A main debate in philosophy of science is whether scientific theories are true´-or-just acceptable as useful tools. There are two competing philosophical theories: scientific realism and scientific antirealism. According to scientific realism, scientific theories are true because they are successful in explaining and predicting the natural phenomena, while, for scientific antirealism, scientific theories are neither true nor false but rather they are only acceptable as useful tools for explaining and predicting the natural phenomena. Yet it is always possible to develop a new theory, such as scientific metarealism.

From the perspective of scientific metarealism, it is indeterminate which scientific theory is true. This is why all scientific theories behave as if they are true. And hence, this is why all of the scientific theories are successful (in explaining and predicting the natural phenomena) although they differ from each other. Thus, scientific metarealism, which says that it is indeterminate which scientific theory is true, successfully explains why all of the scientific theories are successful although they contradict each other. This indicates that scientific metarealism has a strong explanatory power, leading to its acceptance.

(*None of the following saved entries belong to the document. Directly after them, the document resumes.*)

(* Let $\mathcal{T}$ be a smooth manifold with local coordinates $(t^a)$ carrying a Riemannian metric $h_{ab}(t)$ with Christoffel symbols $\chi^a_{bc}(t)$, and let $M$ be a smooth $n$-dimensional manifold with local coordinates $(x^i)$ carrying a semi-Riemannian metric $\varphi_{ij}(x)$ with Christoffel symbols $\gamma^k_{ij}(x)$. Let $m\neq0$, $e$ be real constants and $A^{(a)}_{(i)}(t,x)$ a smooth d-tensor on $\mathcal{T}\times M$. On $E^*=J^{1*}(\mathcal{T},M)$, with coordinates $(t^a,x^i,p^a_i)$, let $\frac{\delta}{\delta t^a}=\frac{\partial}{\partial t^a}-\chi^f_{ag}p^g_r\frac{\partial}{\partial p^f_r}$ and $\frac{\delta}{\delta x^i}=\frac{\partial}{\partial x^i}-\underset{2}{N}{}^{(f)}_{(r)i}\frac{\partial}{\partial p^f_r}$ with $\underset{2}{N}{}^{(f)}_{(r)i}=\gamma^s_{ri}\big[\frac{2e}{m}A^{(f)}_{(s)}-p^f_s\big]-\frac{e}{m}\big[\frac{\partial A^{(f)}_{(r)}}{\partial x^i}+\frac{\partial A^{(f)}_{(i)}}{\partial x^r}\big]$. Let $D$ be the linear connection on $E^*$ defined on the adapted frame $\{\frac{\delta}{\delta t^a},\frac{\delta}{\delta x^i},\frac{\partial}{\partial p^a_i}\}$ by \[ D_{\frac{\delta}{\delta t^c}}\tfrac{\delta}{\delta t^b}=\chi^a_{bc}\tfrac{\delta}{\delta t^a},\quad D_{\frac{\delta}{\delta t^c}}\tfrac{\delta}{\delta x^j}=0,\quad D_{\frac{\delta}{\delta t^c}}\tfrac{\partial}{\partial p^f_j}=\chi^b_{fc}\tfrac{\partial}{\partial p^b_j}, \] \[ D_{\frac{\delta}{\delta x^k}}\tfrac{\delta}{\delta t^b}=0,\quad D_{\frac{\delta}{\delta x^k}}\tfrac{\delta}{\delta x^j}=\gamma^i_{jk}\tfrac{\delta}{\delta x^i},\quad D_{\frac{\delta}{\delta x^k}}\tfrac{\partial}{\partial p^b_s}=-\gamma^s_{ik}\tfrac{\partial}{\partial p^b_i}, \] and $D_{\frac{\partial}{\partial p^c_k}}$ of every adapted frame vector equal to $0$. Let $R(X,Y)Z=D_XD_YZ-D_YD_XZ-D_{[X,Y]}Z$ and $\mathrm{Ric}(Y,Z)=\mathrm{tr}(X\mapsto R(X,Y)Z)$. Then the only (possibly) nonvanishing adapted components of $\mathrm{Ric}$ are \[ \mathrm{Ric}\big(\tfrac{\delta}{\delta t^a},\tfrac{\delta}{\delta t^b}\big)=\chi_{ab},\qquad \mathrm{Ric}\big(\tfrac{\delta}{\delta x^i},\tfrac{\delta}{\delta x^j}\big)=\mathfrak{R}_{ij}, \] where $\chi_{ab}(t)$ and $\mathfrak{R}_{ij}(x)$ are the classical Ricci tensors of $h_{ab}$ and $\varphi_{ij}$ (defined with the same curvature and trace conventions for their Levi-Civita connections); all adapted components of $\mathrm{Ric}$ involving a vertical vector $\frac{\partial}{\partial p^a_i}$ or mixing $\frac{\delta}{\delta t^a}$ with $\frac{\delta}{\delta x^i}$ vanish.
   Context: Indices $a,b,c,d,f,g$ run from $1$ to $\dim\mathcal{T}$, indices $i,j,k,r,s$ from $1$ to $n$; Einstein summation convention. The fibre coordinates of $J^{1*}(\mathcal{T},M)$ transform as $\tilde p^a_i=\frac{\partial \tilde t^a}{\partial t^b}\frac{\partial x^j}{\partial \tilde x^i}p^b_j$. The connection $D$ is the one the paper calls the generalized Cartan canonical connection $C\Gamma(N)=(\chi^a_{bc},0,\gamma^i_{jk},0)$ of the autonomous multi-time Hamilton space of electrodynamics, and $\mathrm{Ric}$ is its Ricci tensor. *)

theory Defs
  imports "HOL-Analysis.Analysis"
begin
lemma bij_betw_partition_splits_on_insert:
  assumes I: "finite I" "i \<notin> I"
  shows "bij_betw (\<lambda>((\<alpha>, \<beta>), d). d(i := \<alpha>))
           (SIGMA x:partition_splits p. partition_splits_on I (snd x))
           (partition_splits_on (insert i I) p)"
proof -
  have sum_upd: "(\<Sum>k\<in>I. Rep_partition (if k = i then \<alpha> else d k)) = (\<Sum>k\<in>I. Rep_partition (d k))"
    for \<alpha> d
    using I by (intro sum.cong) auto
  show ?thesis
    by (rule bij_betw_byWitness
        [where f' = "\<lambda>d. ((d i, Abs_partition (\<Sum>k\<in>I. Rep_partition (d k))), d(i := undefined))"])
       (use I in \<open>auto simp: partition_splits_def partition_splits_on_def PiE_iff extensional_def
          sum_upd Rep_partition_inverse zero_not_in_sum_Rep_partition\<close>)
qed

lemma useries_prod_insert:
  assumes I: "finite I" "i \<notin> I"
  shows "useries_prod (insert i I) F = useries_mult (F i) (useries_prod I F)"
proof
  fix p
  have "useries_mult (F i) (useries_prod I F) p
      = (\<Sum>((\<alpha>, \<beta>), d)\<in>(SIGMA x:partition_splits p. partition_splits_on I (snd x)).
           F i \<alpha> * (\<Prod>k\<in>I. F k (d k)))"
    by (simp add: useries_mult_eq_sum_splits useries_prod_eq_sum_splits_on sum_distrib_left
        sum.Sigma finite_partition_splits finite_partition_splits_on I case_prod_beta)
  also have "\<dots> = (\<Sum>d\<in>partition_splits_on (insert i I) p. \<Prod>k\<in>insert i I. F k (d k))"
    using I by (subst sum.reindex_bij_betw[OF bij_betw_partition_splits_on_insert[OF I], symmetric])
      (auto intro!: sum.cong prod.cong)
  also have "\<dots> = useries_prod (insert i I) F p"
    by (simp add: useries_prod_eq_sum_splits_on)
  finally show "useries_prod (insert i I) F p = useries_mult (F i) (useries_prod I F) p" ..
qed

lemma useries_to_fps_prod:
  "finite I \<Longrightarrow> useries_to_fps (useries_prod I F) = (\<Prod>i\<in>I. useries_to_fps (F i))"
  by (induction I rule: finite_induct)
     (simp_all add: useries_to_fps_prod_empty useries_prod_insert useries_to_fps_mult)

definition subpartitions :: "partition \<Rightarrow> partition set" where
  "subpartitions p = {\<alpha>. Rep_partition \<alpha> \<subseteq># Rep_partition p}"

lemma finite_subpartitions: "finite (subpartitions p)"
  by (rule finite_subset[OF _ finite_psize_le[of "psize p"]])
     (auto simp: subpartitions_def psize_def dest!: subset_mset.le_iff_add[THEN iffD1])

lemma psize_less_subpartition: "\<alpha> \<in> subpartitions p - {p} \<Longrightarrow> psize \<alpha> < psize p"
  by (auto simp: subpartitions_def subset_mset.less_le Rep_partition_inject intro: psize_less)

lemma fst_partition_splits: "fst ` partition_splits p = subpartitions p"
proof (intro equalityI subsetI)
  fix \<alpha> assume "\<alpha> \<in> subpartitions p"
  moreover have "0 \<notin># Rep_partition p - Rep_partition \<alpha>"
    by (meson in_diffD zero_not_in_Rep_partition)
  ultimately have "(\<alpha>, Abs_partition (Rep_partition p - Rep_partition \<alpha>)) \<in> partition_splits p"
    by (simp add: subpartitions_def partition_splits_def)
  then show "\<alpha> \<in> fst ` partition_splits p" by force
qed (auto simp: subpartitions_def partition_splits_def dest: sym)
(* For every graph $G$ and every integer $t\ge 1$, $f^-(t\cdot K_1+G)=f^-(G)$ and $f^+(t\cdot K_1+G)=f^+(G)$, where $t\cdot K_1$ denotes the edgeless graph on $t$ vertices.
   Context: All graphs are finite, simple, undirected and connected (except the edgeless graph $t\cdot K_1$ used in the join). $N[v]=N(v)\cup\{v\}$ is the closed neighbourhood. A chromatic colouring of $G$ is a proper vertex colouring $c:V(G)\to\{c_1,\dots,c_{\chi(G)}\}$. With respect to $c$, a vertex $v$ yields a rainbow neighbourhood if $N[v]$ contains a vertex of each colour $c_1,\dots,c_{\chi(G)}$; $r_\chi(G)$ is the number of such vertices, and $r^-_\chi(G)$, $r^+_\chi(G)$ are its minimum and maximum over all chromatic colourings of $G$. Fading: for a set $F\subseteq V(G)$ (a fade set), the vertices of $F$ receive a transparent colour $c^\circ$ not among $c_1,\dots,c_{\chi(G)}$; after fading, $v$ yields a rainbow neighbourhood iff for every $i$ some vertex of $N[v]\setminus F$ has colour $c_i$. The fading number $f^-(G)$ is the maximum $|F|$ over chromatic colourings $c$ attaining $r_\chi=r^-_\chi(G)$ and fade sets $F$ such that, after fading $F$, the number of vertices yielding rainbow neighbourhoods is still $r^-_\chi(G)$; $f^+(G)$ is defined analogously with $r^+_\chi(G)$. The join $G_1+G_2$ of vertex-disjoint graphs is $G_1\cup G_2$ together with all edges joining a vertex of $G_1$ to a vertex of $G_2$. *)

theory Defs
  imports Main
begin
definition one_star_alt :: "int list \<Rightarrow> bool" where
  "one_star_alt xs \<longleftrightarrow> sign_entries xs \<and>
     (let ys = filter (\<lambda>x. x \<noteq> 0) xs in \<forall>i<length ys. ys ! i = (-1) ^ i)"

definition alt_sign_vec :: "int list \<Rightarrow> bool" where
  "alt_sign_vec xs \<longleftrightarrow> one_star_alt xs \<and>
     (let ys = filter (\<lambda>x. x \<noteq> 0) xs in ys \<noteq> [] \<and> last ys = 1)"

definition row :: "(nat \<Rightarrow> nat \<Rightarrow> int) \<Rightarrow> nat \<Rightarrow> nat \<Rightarrow> int list" where
  "row M n i = map (\<lambda>j. M i j) [1..<n+1]"

definition col :: "(nat \<Rightarrow> nat \<Rightarrow> int) \<Rightarrow> nat \<Rightarrow> nat \<Rightarrow> int list" where
  "col M n j = map (\<lambda>i. M i j) [1..<n+1]"

definition is_ASM :: "nat \<Rightarrow> (nat \<Rightarrow> nat \<Rightarrow> int) \<Rightarrow> bool" where
  "is_ASM n M \<longleftrightarrow> (\<forall>i\<in>{1..n}. alt_sign_vec (row M n i)) \<and> (\<forall>j\<in>{1..n}. alt_sign_vec (col M n j))"

definition is_perm_matrix :: "nat \<Rightarrow> (nat \<Rightarrow> nat \<Rightarrow> int) \<Rightarrow> bool" where
  "is_perm_matrix n M \<longleftrightarrow> (\<exists>\<sigma>. \<sigma> permutes {1..n} \<and>
      (\<forall>i\<in>{1..n}. \<forall>j\<in>{1..n}. M i j = (if \<sigma> i = j then 1 else 0)))"

text \<open>Hypermatrix [A_1,...,A_n] given by H s i j = a_{ijs}; a line fixes two of the three indices.\<close>
definition is_ASHM :: "nat \<Rightarrow> (nat \<Rightarrow> nat \<Rightarrow> nat \<Rightarrow> int) \<Rightarrow> bool" where
  "is_ASHM n H \<longleftrightarrow>
     (\<forall>i\<in>{1..n}. \<forall>j\<in>{1..n}. alt_sign_vec (map (\<lambda>s. H s i j) [1..<n+1])) \<and>
     (\<forall>i\<in>{1..n}. \<forall>s\<in>{1..n}. alt_sign_vec (map (\<lambda>j. H s i j) [1..<n+1])) \<and>
     (\<forall>j\<in>{1..n}. \<forall>s\<in>{1..n}. alt_sign_vec (map (\<lambda>i. H s i j) [1..<n+1]))"

end
(* Let $n\ge k\ge1$ be integers, $i\in\{1,\ldots,n\}$, and let $H\sim\text{Hyp}(n,i,k)$ and $X\sim\text{Bin}(k, \frac{i}{n})$. Let $H^{\ast}$ denote the random variable $H$ conditioned on the event $\{H\ge ik/n\}$, and $X^{\ast}$ the random variable $X$ conditioned on the event $\{X\ge ik/n\}$. Then $H^{\ast}\le_{st} X^{\ast}$. In particular, \[ \mathbb{E}(H\mid H\ge \mathbb{E}(H)) \le \mathbb{E}(X\mid X\ge \mathbb{E}(X) ). \]
   Context: $\text{Hyp}(n,i,k)$ denotes the hypergeometric distribution: the number of black marbles in a sample without replacement of size $k$ from an urn with $i$ black and $n-i$ white marbles, i.e. $\mathbb{P}(H=j)=\binom{i}{j}\binom{n-i}{k-j}/\binom{n}{k}$, with mean $ik/n$. $\text{Bin}(k,p)$ is the binomial distribution. For random variables $U,V$, $U\le_{st}V$ (usual stochastic order) means $\mathbb{P}(U\ge t)\le\mathbb{P}(V\ge t)$ for all $t\in\mathbb{R}$. *)

theory Defs
  imports "HOL-Probability.Probability"
begin

definition hyp_pmf :: "nat \<Rightarrow> nat \<Rightarrow> nat \<Rightarrow> nat pmf" where
  "hyp_pmf n i k = map_pmf (\<lambda>S. card (S \<inter> {..<i}))
       (pmf_of_set {S. S \<subseteq> {..<n} \<and> card S = k})"

definition st_le :: "nat pmf \<Rightarrow> nat pmf \<Rightarrow> bool" where
  "st_le U V \<longleftrightarrow> (\<forall>t::real. measure_pmf.prob U {x. real x \<ge> t} \<le> measure_pmf.prob V {x. real x \<ge> t})"

end

(* Let h and b be the probability mass functions of H and X, and p = i/n; both
   distributions have mean ik/n. The quotients of consecutive masses are
     h(j+1)/h(j) = (k-j)(i-j) / ((j+1)(n-i-k+j+1)),   b(j+1)/b(j) = (k-j)p / ((j+1)(1-p)),
   and the first is at most the second as soon as j >= ik/n. Chaining these
   comparisons, b/h is nondecreasing on A = {j >= ik/n}: X dominates H in the
   likelihood ratio order on A. A Chebyshev-type sum inequality turns this into
   E(f(H) | A) <= E(f(X) | A) for every nondecreasing f; the indicator of [t, oo)
   gives the stochastic order, the identity the inequality of conditional means. *)

theory Submission
  imports Defs
begin

lemma Suc_times_binomial_diff: "Suc j * (m choose Suc j) = (m - j) * (m choose j)"
  by (metis binomial_absorption binomial_absorb_comp)

lemma sum_times_choose_vandermonde:
  "(\<Sum>j\<le>Suc r. j * ((m choose j) * (N choose (Suc r - j)))) = m * ((m - 1 + N) choose r)"
proof -
  have "(\<Sum>j\<le>Suc r. j * ((m choose j) * (N choose (Suc r - j))))
        = (\<Sum>j\<le>r. (Suc j * (m choose Suc j)) * (N choose (r - j)))"
    by (subst sum.atMost_Suc_shift) (simp add: algebra_simps del: binomial_Suc_Suc)
  also have "\<dots> = m * (\<Sum>j\<le>r. ((m - 1) choose j) * (N choose (r - j)))"
    by (simp only: binomial_absorption) (simp add: sum_distrib_left mult_ac)
  also have "\<dots> = m * ((m - 1 + N) choose r)"
    by (simp only: vandermonde)
  finally show ?thesis .
qed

All scientific theories are successful although they are different because it is objectively indeterminate which one of them is actually true. If it is determinate which scientific theory is true, then only one scientific theory should be successful in explaining the universe, namely the true theory. Yet many scientific theories are successful (such as Newton’s theory, Einstein’s theory of relativity, and quantum mechanics), although they are different. Therefore, it is indeterminate which scientific theory is true, exactly as scientific metarealism says. This shows that scientific metarealism is accurate.

Moreover, scientific metarealism logically follows from the fact that the universe itself is indeterminate. Quantum mechanics holds that the universe is indeterminate, such that it is indeterminate whether the particles (such as electrons) are actually particles´-or-waves. And this is why they behave as being particles and waves at the same time, although a particle is supposed to be contrary to what a wave is. Now, if we accept quantum mechanics which says that the universe is indeterminate, and given that scientific theories are supposed to represent the universe, it naturally follows that it is indeterminate (as well) which scientific theory is true. This is how quantum mechanics provides strong evidence for accepting scientific metarealism.

The thesis of the indeterminacy of which scientific theory is true could be legitimately labeled as “scientific metarealism” because it asks us to conceive what is beyond our ordinary conception of reality, namely to conceive reality as being indeterminate.